The macros will also correct numerous problems like the various spikes caused by a cycling tank.

badxgillen 10-15-2013 04:26 PM

FWIW I was stating that finding the initial problem is key to the solution. I have seen PH drops from many things from improper decor and sump materials to simple exhaustion of the water column from excessive coral growth. I hope you don't deem me Ignorant and Dangerous when I also make a recommendation for a future dosing product that I feel is a tad bit safer than baking soda,as I did not say to use it I was insinuating to look into it.

Also I don't see a statement about the tank still cycling but maybe that is in another thread. Sorry for the misinterpreted information.

So Kennie can you give any other information on your tank such as water perameters including PH and KH. Is this gentleman Beaslbob right and your tank is still cycling and suffering from carbonic acid buildup?

I must also say that say 5 of my reef tanks have a slightly lower PH and still have great coral growth,color, and beautiful fishes...the PH is usally 7.9ish so don't worry too much unless its really low and or fluxing.

badxgillen 10-15-2013 04:31 PM

Also my original post saying "By figuring out what is causing the decline in PH you can nip the problem in the bud." had a meaning of not add to the tank but solve the problem through process of elimination.

beaslbob 10-15-2013 04:33 PM

Quote:

Originally Posted by badxgillen (Post 3215018)
FWIW I was stating that finding the initial problem is key to the solution. I have seen PH drops from many things from improper decor and sump materials to simple exhaustion of the water column from excessive coral growth. I hope you don't deem me Ignorant and Dangerous when I also make a recommendation for a future dosing product that I feel is a tad bit safer than baking soda,as I did not say to use it I was insinuating to look into it.

Also I don't see a statement about the tank still cycling but maybe that is in another thread. Sorry for the misinterpreted information.

So Kennie can you give any other information on your tank such as water perameters including PH and KH. Is this gentleman Beaslbob right and your tank is still cycling and suffering from carbonic acid buildup?

I must also say that say 5 of my reef tanks have a slightly lower PH and still have great coral growth,color, and beautiful fishes...the PH is usally 7.9ish so don't worry too much unless its really low and or fluxing.
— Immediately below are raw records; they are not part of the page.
lemma lat_form_neg_omega_perp:
  fixes v :: "real \<times> (real^'n)"
  assumes "0 < k" "CARD('n) * k < (k + 2)\<^sup>2" "v \<in> omega_perp k" "v \<noteq> 0"
  shows "lat_form k v v < 0"
proof (cases "fst v = 0")
  case True
  then obtain i where "snd v $ i \<noteq> 0"
    using assms(4) by (auto simp: prod_eq_iff vec_eq_iff)
  then have "0 < (\<Sum>i\<in>UNIV. (snd v $ i)\<^sup>2)"
    by (intro sum_pos2[of _ i]) auto
  with True show ?thesis by (simp add: lat_form_self)
next
  case False
  have "(fst v)\<^sup>2 \<le> ((real k + 2)\<^sup>2 - real CARD('n) * real k) * (fst v)\<^sup>2"
    using card_mult_less_imp_one_le[OF assms(2)] by (simp add: mult_le_cancel_right1)
  also have "\<dots> \<le> real CARD('n) * - lat_form k v v"
    by (rule omega_perp_fst_power2_le[OF assms(1,3)])
  finally have "0 < real CARD('n) * - lat_form k v v"
    using False by (smt (verit) zero_less_power2)
  then show ?thesis by (simp add: zero_less_mult_iff mult_less_0_iff)
qed

lemma roots_fst_power2_le:
  fixes x :: "real \<times> (real^'n)"
  assumes "0 < k" "CARD('n) * k < (k + 2)\<^sup>2" "x \<in> roots k"
  shows "(fst x)\<^sup>2 \<le> 2 * real CARD('n)"
proof -
  have "x \<in> omega_perp k" and "lat_form k x x = -2"
    using assms(3) roots_subset_omega_perp unfolding roots_def by auto
  then have "((real k + 2)\<^sup>2 - real CARD('n) * real k) * (fst x)\<^sup>2 \<le> 2 * real CARD('n)"
    using omega_perp_fst_power2_le[OF assms(1), of x] by simp
  moreover have "(fst x)\<^sup>2 \<le> ((real k + 2)\<^sup>2 - real CARD('n) * real k) * (fst x)\<^sup>2"
    using card_mult_less_imp_one_le[OF assms(2)] by (simp add: mult_le_cancel_right1)
  ultimately show ?thesis by linarith
qed

lemma finite_lattice_pts_box:
  fixes N :: nat
  shows "finite {x :: real \<times> (real^'n). x \<in> lattice_pts \<and> \<bar>fst x\<bar> \<le> real N \<and> (\<forall>i. \<bar>snd x $ i\<bar> \<le> real N)}"
    (is "finite ?B")
proof -
  define embed :: "int \<times> ('n::finite \<Rightarrow> int) \<Rightarrow> real \<times> (real^'n)"
    where "embed p = (of_int (fst p), \<chi> i. of_int (snd p i))" for p
  let ?box = "{-int N..int N} \<times> PiE (UNIV :: 'n set) (\<lambda>_. {-int N..int N})"
  have "?B \<subseteq> embed ` ?box"
  proof
    fix x assume x: "x \<in> ?B"
    then have "fst x \<in> \<int>" "\<forall>i. snd x $ i \<in> \<int>"
      by (auto simp: lattice_pts_def)
    then have "x = embed (\<lfloor>fst x\<rfloor>, \<lambda>i. \<lfloor>snd x $ i\<rfloor>)"
      by (simp add: embed_def prod_eq_iff vec_eq_iff)
    moreover have "\<lfloor>y\<rfloor> \<in> {-int N..int N}" if "\<bar>y\<bar> \<le> real N" for y :: real
      using that by (simp add: abs_le_iff floor_le_iff le_floor_iff)
    then have "(\<lfloor>fst x\<rfloor>, \<lambda>i. \<lfloor>snd x $ i\<rfloor>) \<in> ?box"
      using x by auto
    ultimately show "x \<in> embed ` ?box" by blast
  qed
  moreover have "finite ?box"
    by (intro finite_cartesian_product finite_PiE) auto
  ultimately show ?thesis by (meson finite_imageI finite_subset)
qed

lemma finite_roots:
  assumes "0 < k" "CARD('n::finite) * k < (k + 2)\<^sup>2"
  shows "finite (roots k :: (real \<times> (real^'n)) set)"
proof -
  let ?N = "2 * k * CARD('n) + 2"
  have "roots k \<subseteq> {x :: real \<times> (real^'n). x \<in> lattice_pts \<and>
          \<bar>fst x\<bar> \<le> real ?N \<and> (\<forall>i. \<bar>snd x $ i\<bar> \<le> real ?N)}"
  proof (intro subsetI CollectI conjI allI)
    fix x :: "real \<times> (real^'n)" and i
    assume x: "x \<in> roots k"
    then have lat: "x \<in> lattice_pts" and "lat_form k x x = -2"
      unfolding roots_def by auto
    then have squares: "(\<Sum>j\<in>UNIV. (snd x $ j)\<^sup>2) = real k * (fst x)\<^sup>2 + 2"
      by (simp add: lat_form_self)
    have a: "(fst x)\<^sup>2 \<le> 2 * real CARD('n)"
      by (rule roots_fst_power2_le[OF assms x])
    have "real k * (fst x)\<^sup>2 \<le> real k * (2 * real CARD('n))"
      using a by (rule mult_left_mono) simp
    then have ka: "real k * (fst x)\<^sup>2 \<le> 2 * real k * real CARD('n)" by simp
    have "\<bar>fst x\<bar> \<le> (fst x)\<^sup>2"
      using lat by (intro Ints_abs_le_power2) (simp add: lattice_pts_def)
    moreover have "2 * real CARD('n) \<le> 2 * real k * real CARD('n)"
      using assms(1) by (intro mult_right_mono) auto
    ultimately have "\<bar>fst x\<bar> \<le> 2 * real k * real CARD('n) + 2" using a by linarith
    then show "\<bar>fst x\<bar> \<le> real ?N" by simp
    have "\<bar>snd x $ i\<bar> \<le> (snd x $ i)\<^sup>2"
      using lat by (intro Ints_abs_le_power2) (simp add: lattice_pts_def)
    also have "\<dots> \<le> (\<Sum>j\<in>UNIV. (snd x $ j)\<^sup>2)"
      by (rule member_le_sum) auto
    finally show "\<bar>snd x $ i\<bar> \<le> real ?N" using squares ka by simp
  qed (auto simp: roots_def)
  then show ?thesis by (rule finite_subset) (rule finite_lattice_pts_box)
qed

lemma lat_form_reflection:
  assumes "lat_form k x x = -2"
  shows "lat_form k (m + lat_form k x m *\<^sub>R x) (m + lat_form k x m *\<^sub>R x) = lat_form k m m"
  by (simp add: lat_form_add_left lat_form_add_right lat_form_scaleR_left lat_form_scaleR_right
      lat_form_commute[of k m x] assms algebra_simps)

lemma reflection_in_roots:
  assumes "x \<in> roots k" "m \<in> roots k"
  shows "m + lat_form k x m *\<^sub>R x \<in> roots k"
proof -
  have "lat_form k (m + lat_form k x m *\<^sub>R x) (m + lat_form k x m *\<^sub>R x) = -2"
    using assms by (simp add: roots_def lat_form_reflection)
  moreover have "lat_form k (m + lat_form k x m *\<^sub>R x) (omega k) = 0"
    using assms by (simp add: roots_def lat_form_add_left lat_form_scaleR_left)
  ultimately show ?thesis
    using assms by (auto simp: roots_def intro!: lattice_pts_add_scaleR lat_form_Ints)
qed

lemma scaleR_in_roots:
  assumes "x \<in> roots k" "c *\<^sub>R x \<in> roots k"
  shows "c = 1 \<or> c = -1"
proof -
  have "lat_form k (c *\<^sub>R x) (c *\<^sub>R x) = c\<^sup>2 * lat_form k x x"
    by (simp add: lat_form_scaleR_left lat_form_scaleR_right power2_eq_square)
  with assms have "c\<^sup>2 = 1" by (simp add: roots_def)
  then show ?thesis by (simp add: power2_eq_1_iff)
qed

lemma root_system_roots:
  assumes "0 < k" "CARD('n::finite) * k < (k + 2)\<^sup>2"
  shows "root_system_in (\<lambda>x y. - lat_form k x y) (span (roots k :: (real \<times> (real^'n)) set)) (roots k)"
proof -
  have cartan: "2 * - lat_form k x m / - lat_form k x x = - lat_form k x m"
    if "x \<in> roots k" for x m :: "real \<times> (real^'n)"
    using that by (simp add: roots_def)
  show ?thesis
    unfolding root_system_in_def
  proof (intro conjI ballI allI impI)
    fix v :: "real \<times> (real^'n)"
    assume "v \<in> span (roots k)" and "v \<noteq> 0"
    then show "0 < - lat_form k v v"
      using lat_form_neg_omega_perp[OF assms] span_roots_subset_omega_perp by fastforce
  next
    fix x m :: "real \<times> (real^'n)"
    assume "x \<in> roots k" and "m \<in> roots k"
    then show "m - (2 * - lat_form k x m / - lat_form k x x) *\<^sub>R x \<in> roots k"
      and "2 * - lat_form k x m / - lat_form k x x \<in> \<int>"
      unfolding cartan[OF \<open>x \<in> roots k\<close>]
      by (simp add: reflection_in_roots, simp add: roots_def lat_form_Ints)
  qed (auto simp: finite_roots[OF assms] span_superset scaleR_in_roots, simp add: roots_def)
qed

lemma axis_diff_in_roots:
  assumes "0 < k" "i \<noteq> j"
  shows "(0, axis i 1 - axis j 1) \<in> (roots k :: (real \<times> (real^'n)) set)"
proof -
  have "(\<Sum>t\<in>UNIV. ((axis i 1 - axis j 1 :: real^'n) $ t)\<^sup>2)
      = (\<Sum>t\<in>UNIV. (if t = i then 1 else 0) + (if t = j then 1 else (0::real)))"
    using assms(2) by (intro sum.cong) (auto simp: axis_def)
  moreover have "(\<Sum>t\<in>UNIV. (axis i 1 - axis j 1 :: real^'n) $ t) = 0"
    by (simp add: axis_def sum_subtractf)
  ultimately show ?thesis
    using assms(1) by (simp add: roots_def lattice_pts_def lat_form_self lat_form_omega
        sum.distrib axis_def)
qed

lemma zero_sum_in_span_roots:
  fixes z :: "real \<times> (real^'n)"
  assumes "0 < k" "fst z = 0" "(\<Sum>i\<in>UNIV. snd z $ i) = 0"
  shows "z \<in> span (roots k)"
proof -
  obtain j :: 'n where True by blast
  have "(\<Sum>i\<in>UNIV. snd z $ i *\<^sub>R (0, axis i 1 - axis j 1))
      = (0, (\<Sum>i\<in>UNIV. snd z $ i *\<^sub>R axis i 1) - (\<Sum>i\<in>UNIV. snd z $ i) *\<^sub>R axis j 1)"
    by (simp add: prod_eq_iff fst_sum snd_sum scaleR_diff_right sum_subtractf scaleR_sum_left)
  also have "\<dots> = z"
    using assms(2,3) basis_expansion[of "snd z"] by (simp add: prod_eq_iff scalar_mult_eq_scaleR)
  finally have z: "z = (\<Sum>i\<in>UNIV. snd z $ i *\<^sub>R (0, axis i 1 - axis j 1))" ..
  have "(0, axis i 1 - axis j 1) \<in> span (roots k)" for i :: 'n
  proof (cases "i = j")
    case True
    then show ?thesis using span_zero[of "roots k"] by (simp add: zero_prod_def)
  qed (simp add: axis_diff_in_roots[OF assms(1)] span_base)
  then show ?thesis
    by (subst z) (intro span_sum span_scale)
qed

lemma omega_perp_subset_span_insert:
  fixes u :: "real \<times> (real^'n)"
  assumes "0 < k" "u \<in> omega_perp k" "fst u = 1"
  shows "omega_perp k \<subseteq> span (insert u (roots k))"
proof
  fix v :: "real \<times> (real^'n)"
  assume v: "v \<in> omega_perp k"
  have "v - fst v *\<^sub>R u \<in> omega_perp k"
    using subspace_omega_perp v assms(2) by (intro subspace_diff subspace_scale)
  then have "v - fst v *\<^sub>R u \<in> span (roots k)"
    using assms by (intro zero_sum_in_span_roots) (simp_all add: omega_perp_def lat_form_omega)
  then have "v - fst v *\<^sub>R u \<in> span (insert u (roots k))"
    using span_mono[of "roots k" "insert u (roots k)"] by blast
  moreover have "fst v *\<^sub>R u \<in> span (insert u (roots k))"
    by (simp add: span_base span_scale)
  ultimately have "(v - fst v *\<^sub>R u) + fst v *\<^sub>R u \<in> span (insert u (roots k))"
    by (rule span_add)
  then show "v \<in> span (insert u (roots k))" by simp
qed

lemma exists_root_fst_eq_1:
  assumes "0 < k" "k + 2 \<le> CARD('n::finite)"
  obtains u :: "real \<times> (real^'n)" where "u \<in> roots k" and "fst u = 1"
proof -
  obtain S :: "'n set" where S: "card S = k + 2"
    using obtain_subset_with_card_n[OF assms(2)[unfolded card_UNIV_def]] by metis
  define u :: "real \<times> (real^'n)" where "u = (1, \<chi> i. if i \<in> S then -1 else 0)"
  have "(\<Sum>i\<in>UNIV. ((\<chi> i. if i \<in> S then -1 else 0 :: real^'n) $ i)\<^sup>2) = real (k + 2)"
    using S by (simp add: if_distrib[of power2] sum.If_cases)
  moreover have "(\<Sum>i\<in>UNIV. (\<chi> i. if i \<in> S then -1 else 0 :: real^'n) $ i) = - real (k + 2)"
    using S by (simp add: sum.If_cases)
  ultimately have "u \<in> roots k"
    using assms(1) by (simp add: u_def roots_def lattice_pts_def lat_form_self lat_form_omega)
  then show ?thesis by (rule that) (simp add: u_def)
qed

lemma span_roots_eq_omega_perp:
  assumes "0 < k" "k + 2 \<le> CARD('n::finite)"
  shows "span (roots k :: (real \<times> (real^'n)) set) = omega_perp k"
proof
  obtain u :: "real \<times> (real^'n)" where u: "u \<in> roots k" "fst u = 1"
    using exists_root_fst_eq_1[OF assms] .
  then have "omega_perp k \<subseteq> span (insert u (roots k))"
    using roots_subset_omega_perp by (intro omega_perp_subset_span_insert[OF assms(1)]) auto
  with u show "omega_perp k \<subseteq> span (roots k :: (real \<times> (real^'n)) set)"
    by (simp add: insert_absorb)
qed (rule span_roots_subset_omega_perp)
I'm sorry didn't mean to come on too strong.

But dosing baking soda to raise pH would imply that the original poster was as ignorant as I was on my 55g many years ago.

Baring some really really outlandish circunstance like using a toxic substrate, the macros will correct whatever is happing. Buy testing with the molly will insure the original poster is well on his way to a healthy tank.

I was just remembering my own experience from many years ago.

I don't worry about ignorance as I have plenty to go around. I hope to learn from the ignorance though.